Sick man of Europe

As a sick man of Europe in the 19th century, the weakened Ottoman Empire, should emerge from the later Turkey, satirized by many media of that time.

In the 19th century, the formerly powerful Ottoman Empire was weakened by rebellions in its European territories ( Rumelia ) and was increasingly at the mercy of the European powers. In Egypt, the viceroy Muhammad Ali Pasha crack gradually the power. 1804 brought the Serbs and were given considerable autonomy until 1830. The Phanariotenherrschaft in the Danubian Principalities in 1826 found its end. In the 1820s, supported by some Europeans independence movement in Greece gained momentum.

The Russian Tsar Nicholas I coined the saying from the sick man for the first time in 1852 in a conversation with the British Ambassador. Accordingly, the Eastern Question, about the survival of the Ottoman Empire, before long could one be solved once and for all, when Russia and Britain had agreed.

"We have a sick man on the poor. It would be a misfortune if it should be us one day be eliminated. "

The Russian Tsar was referring to Sultan Abdülmecid I, but the term came into the proverbial name for the crumbling Ottoman Empire. Helmuth von Moltke, who was from 1836 to 1839 as an instructor of Turkish troops in the Ottoman Empire, put it:

" It has been the task of Western armies long, the Ottoman power to set limits. Today it seems to be the concern of European policy, to eke out their existence. "

The Eastern Question was a constant topic of diplomacy. Russia saw it as an opportunity to make its power influence in Europe stronger claims. Austria and Great Britain and France saw the danger of Russian expansion, for example, in the Crimean War, and therefore tended rather to maintain a weak Ottoman Empire. In the Eastern Question about to be or not of the empire they were of the opinion that the Ottoman Empire, which still had a tremendous expansion in those days, must be preserved.
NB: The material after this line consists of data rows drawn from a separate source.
lemma card_open_positions_holding_le:
  assumes w: "w \<in> consistent_decks m n G s h" and "i \<in> {1..n}" "s \<le> m * n"
  shows "card {r \<in> open_positions (m * n) h i. w ! r = i} \<le> mleft m h i"
proof -
  let ?open = "{r \<in> open_positions (m * n) h i. w ! r = i}"
  let ?revealed = "{r. r < s \<and> fst h ! r = i \<and> snd h ! r}"
  have h: "hist G w s = h" and "w \<in> decks m n" using w unfolding consistent_decks_def by auto
  then have "length w = m * n" by (simp add: length_decks)
  have "count_list w i = m"
    using \<open>w \<in> decks m n\<close> \<open>i \<in> {1..n}\<close> unfolding decks_def by blast
  have "length (fst h) = s" using h length_hist[of G w s] by simp
  have revealed: "w ! r = fst h ! r" if "r < s" "snd h ! r" for r
    using that h nth_snd_hist[of r s G w] by simp
  have "?open \<union> ?revealed \<subseteq> {r. r < length w \<and> w ! r = i}"
    using revealed \<open>length w = m * n\<close> \<open>s \<le> m * n\<close> unfolding open_positions_def by auto
  then have "card (?open \<union> ?revealed) \<le> m"
    using \<open>count_list w i = m\<close> card_mono[of "{r. r < length w \<and> w ! r = i}"]
    by (simp add: count_list_eq_card_indices)
  moreover have "?open \<inter> ?revealed = {}"
    using \<open>length (fst h) = s\<close> unfolding open_positions_def by auto
  moreover have "finite ?open" "finite ?revealed" unfolding open_positions_def by auto
  ultimately have "card ?open + card ?revealed \<le> m"
    by (simp add: card_Un_disjoint)
  moreover have "mleft m h i = m - card ?revealed"
    unfolding mleft_def using \<open>length (fst h) = s\<close> by simp
  ultimately show ?thesis by simp
qed

lemma sum_card_filter_swap:
  assumes "finite A" "finite B"
  shows "(\<Sum>x\<in>A. card {y \<in> B. P x y}) = (\<Sum>y\<in>B. card {x \<in> A. P x y})"
proof -
  have "card {y \<in> B. P x y} = (\<Sum>y\<in>B. of_bool (P x y))" for x
    using assms(2) by (simp add: Int_def)
  then have "(\<Sum>x\<in>A. card {y \<in> B. P x y}) = (\<Sum>x\<in>A. \<Sum>y\<in>B. of_bool (P x y))"
    by simp
  also have "\<dots> = (\<Sum>y\<in>B. \<Sum>x\<in>A. of_bool (P x y))" by (rule sum.swap)
  also have "\<dots> = (\<Sum>y\<in>B. card {x \<in> A. P x y})"
    using assms(1) by (simp add: Int_def)
  finally show ?thesis .
qed

lemma card_consistent_decks_at_bound:
  assumes "i \<in> {1..n}" "s < m * n"
  shows "card {w \<in> consistent_decks m n G s h. w ! s = i} * (m * n - aguessed h i - Ycorrect h)
           \<le> card (consistent_decks m n G s h) * mleft m h i"
proof (cases "consistent_decks m n G s h = {}")
  case False
  let ?S = "consistent_decks m n G s h"
  let ?F = "open_positions (m * n) h i"
  obtain w where "hist G w s = h" using False unfolding consistent_decks_def by blast
  then have "length (snd h) = length (fst h)" using length_hist[of G w s] by auto
  have "finite ?S" unfolding consistent_decks_def using finite_decks by simp
  have "finite ?F" unfolding open_positions_def by simp
  have "card {w \<in> ?S. w ! s = i} * (m * n - aguessed h i - Ycorrect h)
          \<le> card {w \<in> ?S. w ! s = i} * card ?F"
    using card_open_positions_ge[OF \<open>length (snd h) = length (fst h)\<close>] by simp
  also have "\<dots> = (\<Sum>r\<in>?F. card {w \<in> ?S. w ! s = i})" by simp
  also have "\<dots> \<le> (\<Sum>r\<in>?F. card {w \<in> ?S. w ! r = i})"
    using card_consistent_decks_at_le[OF \<open>s < m * n\<close>] by (rule sum_mono)
  also have "\<dots> = (\<Sum>w\<in>?S. card {r \<in> ?F. w ! r = i})"
    using \<open>finite ?F\<close> \<open>finite ?S\<close> by (rule sum_card_filter_swap)
  also have "\<dots> \<le> (\<Sum>w\<in>?S. mleft m h i)"
    using card_open_positions_holding_le assms by (intro sum_mono) auto
  finally show ?thesis by simp
qed simp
Derived therefrom uses of words

The keyword is Sick man or was in the political parlance refers to a loaded with internal problems state, whose "cure" allegedly reforms are urgently needed. So sick man of Asia was ( Sick man of Asia ) used for the Chinese Empire or the Republic of China following.

More recently, analogous terms such as Sick Man of Africa were occasionally depending on the political ideology designed for different states (for example, for the DR Congo ).